To obtain correctness labels, we use GPT-4o mini as an automatic judge. Given a question, its reference answer, and the response generated by the evaluated D-LLM, GPT-4o mini is prompted to determine whether the generated response is semantically consistent with the reference answer. The judge is instructed to focus on factual correctness rather than surface-form overlap, so that paraphrases, abbreviations, or equivalent expressions are not incorrectly marked as wrong.
To improve label reliability, we adopt a conservative re-evaluation procedure. Responses initially judged as incorrect are sent to GPT-4o mini for a second judgment with the same question, reference answer, and generated response. If the two judgments are inconsistent, the example is discarded from the final evaluation set. After this filtering step, the remaining annotated examples are used as the final evaluation set for TRE and all applicable baselines.

Feature Extraction and Scoring.

TRE does not require detector training. It directly computes hallucination detection scores from intermediate denoising information collected during the original D-LLM generation process. Thus, no task-specific parameter update or additional supervised training is performed for TRE .

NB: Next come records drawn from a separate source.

lemma beta_continuous_on: "continuous_on {0..} beta"
  using beta_deriv by (auto simp: continuous_on_eq_continuous_within intro: has_vector_derivative_continuous)

lemma beta'_continuous_on: "continuous_on {0..} beta'"
  using beta'_differentiable
  by (auto simp: continuous_on_eq_continuous_within intro: differentiable_imp_continuous_within)

lemma speed_pos: "t \<ge> 0 \<Longrightarrow> speed t > 0"
  using regular by (simp add: speed_def)

lemma radius_nonzero: "t \<ge> 0 \<Longrightarrow> \<bar>radius t\<bar> > 0"
  using off_axis by (simp add: radius_def)

lemma weight_pos: "t \<ge> 0 \<Longrightarrow> weight t > 0"
  using speed_pos radius_nonzero by (simp add: weight_def)

lemma dpsi_pos: "t \<ge> 0 \<Longrightarrow> dpsi t > 0"
  using speed_pos radius_nonzero by (simp add: dpsi_def)

lemma weight_dpsi: "t \<ge> 0 \<Longrightarrow> weight t * dpsi t = 1"
  using speed_pos[of t] radius_nonzero[of t] by (simp add: weight_def dpsi_def)

lemma radius_has_real_derivative: "t > 0 \<Longrightarrow> (radius has_real_derivative beta' t \<bullet> f1) (at t)"
  unfolding has_real_derivative_iff_has_vector_derivative radius_def[abs_def]
  using bounded_linear.has_vector_derivative[OF bounded_linear_inner_left
      has_vector_derivative_diff[OF beta_has_vector_derivative_at has_vector_derivative_const]]
  by simp

lemma beta'_orthogonal_f2: "t > 0 \<Longrightarrow> beta' t \<bullet> f2 = 0"
proof -
  assume "t > 0"
  have "((\<lambda>s. (beta s - p) \<bullet> f2) has_real_derivative beta' t \<bullet> f2) (at t)"
    unfolding has_real_derivative_iff_has_vector_derivative
    using bounded_linear.has_vector_derivative[OF bounded_linear_inner_left
        has_vector_derivative_diff[OF beta_has_vector_derivative_at[OF \<open>t > 0\<close>]
          has_vector_derivative_const]]
    by simp
  moreover have "((\<lambda>s. (beta s - p) \<bullet> f2) has_real_derivative 0) (at t)"
    by (rule has_field_derivative_transform_within_open[OF DERIV_const, of "{0<..}"])
      (use \<open>t > 0\<close> in_plane in auto)
  ultimately show ?thesis by (rule DERIV_unique)
qed

lemma end_imm_eq:
  "t \<ge> 0 \<Longrightarrow> X (t, th) = beta t + ((cos th - 1) * radius t) *\<^sub>R f1 + (sin th * radius t) *\<^sub>R f2"
  using in_plane[of t] by (simp add: end_imm_def rot_def Let_def radius_def)

lemma Xt_eq:
  assumes "t > 0"
  shows "Xt X (t, th) = beta' t + ((cos th - 1) * (beta' t \<bullet> f1)) *\<^sub>R f1 + (sin th * (beta' t \<bullet> f1)) *\<^sub>R f2"
proof -
  have "((\<lambda>s. beta s + ((cos th - 1) * radius s) *\<^sub>R f1 + (sin th * radius s) *\<^sub>R f2)
      has_vector_derivative
        beta' t + ((cos th - 1) * (beta' t \<bullet> f1)) *\<^sub>R f1 + (sin th * (beta' t \<bullet> f1)) *\<^sub>R f2) (at t)"
    using radius_has_real_derivative[OF assms]
    by (auto intro!: derivative_eq_intros beta_has_vector_derivative_at assms
        simp: has_real_derivative_iff_has_vector_derivative mult.commute)
  then have "((\<lambda>s. X (s, th)) has_vector_derivative
        beta' t + ((cos th - 1) * (beta' t \<bullet> f1)) *\<^sub>R f1 + (sin th * (beta' t \<bullet> f1)) *\<^sub>R f2) (at t)"
    by (rule has_vector_derivative_transform_within_open[of _ _ _ "{0<..}"])
      (use assms end_imm_eq in auto)
  then show ?thesis unfolding Xt_def by (simp add: vector_derivative_at)
qed

lemma Xth_eq:
  assumes "t \<ge> 0"
  shows "Xth X (t, th) = (- sin th * radius t) *\<^sub>R f1 + (cos th * radius t) *\<^sub>R f2"
proof -
  have "((\<lambda>s. X (t, s)) has_vector_derivative
      (- sin th * radius t) *\<^sub>R f1 + (cos th * radius t) *\<^sub>R f2) (at th)"
    unfolding end_imm_eq[OF assms] by (auto intro!: derivative_eq_intros)
  then show ?thesis unfolding Xth_def by (simp add: vector_derivative_at)
qed

lemma induced_metric:
  assumes "t > 0"
  shows "g11 X (t, th) = (speed t)\<^sup>2" "g12 X (t, th) = 0" "g22 X (t, th) = (radius t)\<^sup>2"
    "gdet X (t, th) = (speed t * radius t)\<^sup>2"
proof -
  define V where "V = beta' t"
  define v where "v = V \<bullet> f1"
  have V2: "V \<bullet> f2 = 0" using beta'_orthogonal_f2[OF assms] by (simp add: V_def)
  have f21: "f2 \<bullet> f1 = 0" using f1_f2_orth by (simp add: inner_commute)
  have sc: "(sin th)\<^sup>2 + (cos th)\<^sup>2 = 1" by simp
  have VV: "V \<bullet> V = (speed t)\<^sup>2" by (simp add: speed_def V_def power2_norm_eq_inner)
  note XT = Xt_eq[OF assms, folded V_def, folded v_def]
  note XH = Xth_eq[OF less_imp_le[OF assms]]
  note simps = inner_add_left inner_add_right inner_commute[of f1 V] inner_commute[of f2 V]
    V2 f1_unit f2_unit f1_f2_orth f21
  show g11: "g11 X (t, th) = (speed t)\<^sup>2"
    unfolding g11_def XT
    apply (simp add: simps VV flip: v_def)
    apply (simp add: algebra_simps power2_eq_square)
    using sc unfolding power2_eq_square by algebra
  show g12: "g12 X (t, th) = 0"
    unfolding g12_def XT XH using assms
    by (simp add: simps flip: v_def) (simp add: algebra_simps simps flip: v_def)
  show g22: "g22 X (t, th) = (radius t)\<^sup>2"
    unfolding g22_def XH using assms
    apply (simp add: simps inner_diff_left inner_diff_right)
    using sc unfolding power2_eq_square by algebra
  show "gdet X (t, th) = (speed t * radius t)\<^sup>2"
    unfolding gdet_def g11 g12 g22 by (simp add: power_mult_distrib)
qed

Computational Environment.

All experiments are implemented with PyTorch and the HuggingFace Transformers library. Model inference, feature extraction, and detector scoring are conducted on a single NVIDIA Quadro RTX 6000 GPU with 24GB VRAM. Due to this single-GPU setting, experiments are run sequentially rather than in large-scale parallel batches.
We do not compare with [10,12], because their source code is not publicly available at the time of our experiments. Including these methods without official implementations would require nontrivial re-implementation choices and could introduce unfair or unreliable comparisons.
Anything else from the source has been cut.